Bölge Adliye Mahkemesince, davacı tarafça dosyaya sunulan delillerin iddialarını kanıtlamaya yeterli olmadığı, fesih ihtarnamesinde yer alan ticari koşullarda anlaşma sağlanamaması hususlarıyla ilgili dosyaya delil de sunulmadığı, ayrıca dava tarihinden önce iddiaya konu ihlale ilişkin bir tespit de bulunmadığı gerekçesiyle davacı vekilinin istnaf başvurusunun esastan reddine karar verilmiştir.
Kararı, davacı vekili temyiz etmiştir.
Yapılan yargılama ve saptanan somut uyuşmazlık bakımından uygulanması gereken hukuk kuralları gözetildiğinde İlk Derece Mahkemesince verilen kararda bir isabetsizlik olmadığının anlaşılmasına göre yapılan istinaf başvurusunun HMK'nın 353/b-1 maddesi uyarınca Bölge Adliye Mahkemesince esastan reddine ilişkin kararın usul ve yasaya uygun olduğu kanısına varıldığından Bölge Adliye Mahkemesi kararının onanmasına karar vermek gerekmiştir.

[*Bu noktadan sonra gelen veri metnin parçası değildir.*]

(* Consider any demand-private coded caching scheme with $N=2$ files and $K=2$ users. Then for every $i\in\{0,1\}$ and $j\in\{0,1\}$, with $\tilde i=(i+1)\bmod 2$, the conditional joint distributions satisfy $(X,Z_1,W_j\mid D_1=j)\sim(X,Z_1,W_j\mid D_0=i,D_1=j)\sim(X,Z_1,W_j\mid D_0=\tilde i,D_1=j)$ and $(X,Z_0,W_j\mid D_0=j)\sim(X,Z_0,W_j\mid D_0=j,D_1=i)\sim(X,Z_0,W_j\mid D_0=j,D_1=\tilde i)$, where $\sim$ denotes equality of (conditional) distributions.
   Context: Setting ($N=K=2$): files $W_0,W_1$ independent, uniform on $[2^F]=\{0,\dots,2^F-1\}$; demands $D_0,D_1$ of users $0,1$ independent and uniform on $\{0,1\}$. User $k$ shares a key $S_k$ (finite alphabet) with the server; the server has private randomness $P$ (finite alphabet); $P,S_0,S_1,D_0,D_1,W_0,W_1$ are mutually independent. Cache content $Z_k=(C_k(S_k,P,W_0,W_1),S_k)$ with $C_k$ valued in $[2^{MF}]$; broadcast $X=(E(W_0,W_1,D_0,D_1,P,S_0,S_1),J(D_0,D_1,P,S_0,S_1))$ with $E$ valued in $[2^{RF}]$ and $J$ valued in a finite set of negligible $\log_2$-size relative to $F$. The scheme is demand-private if (decodability) $W_{D_k}$ is a deterministic function of $(D_k,S_k,X,Z_k)$ for each $k$, and (privacy) $I(D_1;Z_0,X,D_0)=0$ and $I(D_0;Z_1,X,D_1)=0$. *)

theory Defs
  imports "HOL-Probability.Probability"
begin

text \<open>Sample space of the N = K = 2 demand-private coded caching setting.
  An outcome is (P, S0, S1, D0, D1, W0, W1).\<close>

type_synonym ('p, 's0, 's1) outcome = "'p \<times> 's0 \<times> 's1 \<times> nat \<times> nat \<times> nat \<times> nat"

definition joint ::
  "nat \<Rightarrow> 'p pmf \<Rightarrow> 's0 pmf \<Rightarrow> 's1 pmf \<Rightarrow> ('p, 's0, 's1) outcome pmf" where
  "joint F pP pS0 pS1 =
     do { p \<leftarrow> pP; s0 \<leftarrow> pS0; s1 \<leftarrow> pS1;
          d0 \<leftarrow> pmf_of_set {0, 1}; d1 \<leftarrow> pmf_of_set {0, 1};
          w0 \<leftarrow> pmf_of_set {..<2 ^ F}; w1 \<leftarrow> pmf_of_set {..<2 ^ F};
          return_pmf (p, s0, s1, d0, d1, w0, w1) }"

SONUÇ: Yukarda açıklanan nedenlerle, davacı vekilinin temyiz isteminin reddi ile Bölge Adliye Mahkemesince verilen kararın HMK'nın 370/1. maddesi uyarınca ONANMASINA, HMK'nın 372. maddesi uyarınca işlem yapılmak üzere dava dosyasının İlk Derece Mahkemesine, kararın bir örneğinin Bölge Adliye Mahkemesine gönderilmesine, aşağıda yazılı bakiye 36,30 TL temyiz ilam harcının temyiz eden davacıdan alınmasına, 10/03/2022 tarihinde kesin olarak oybirliğiyle karar verildi.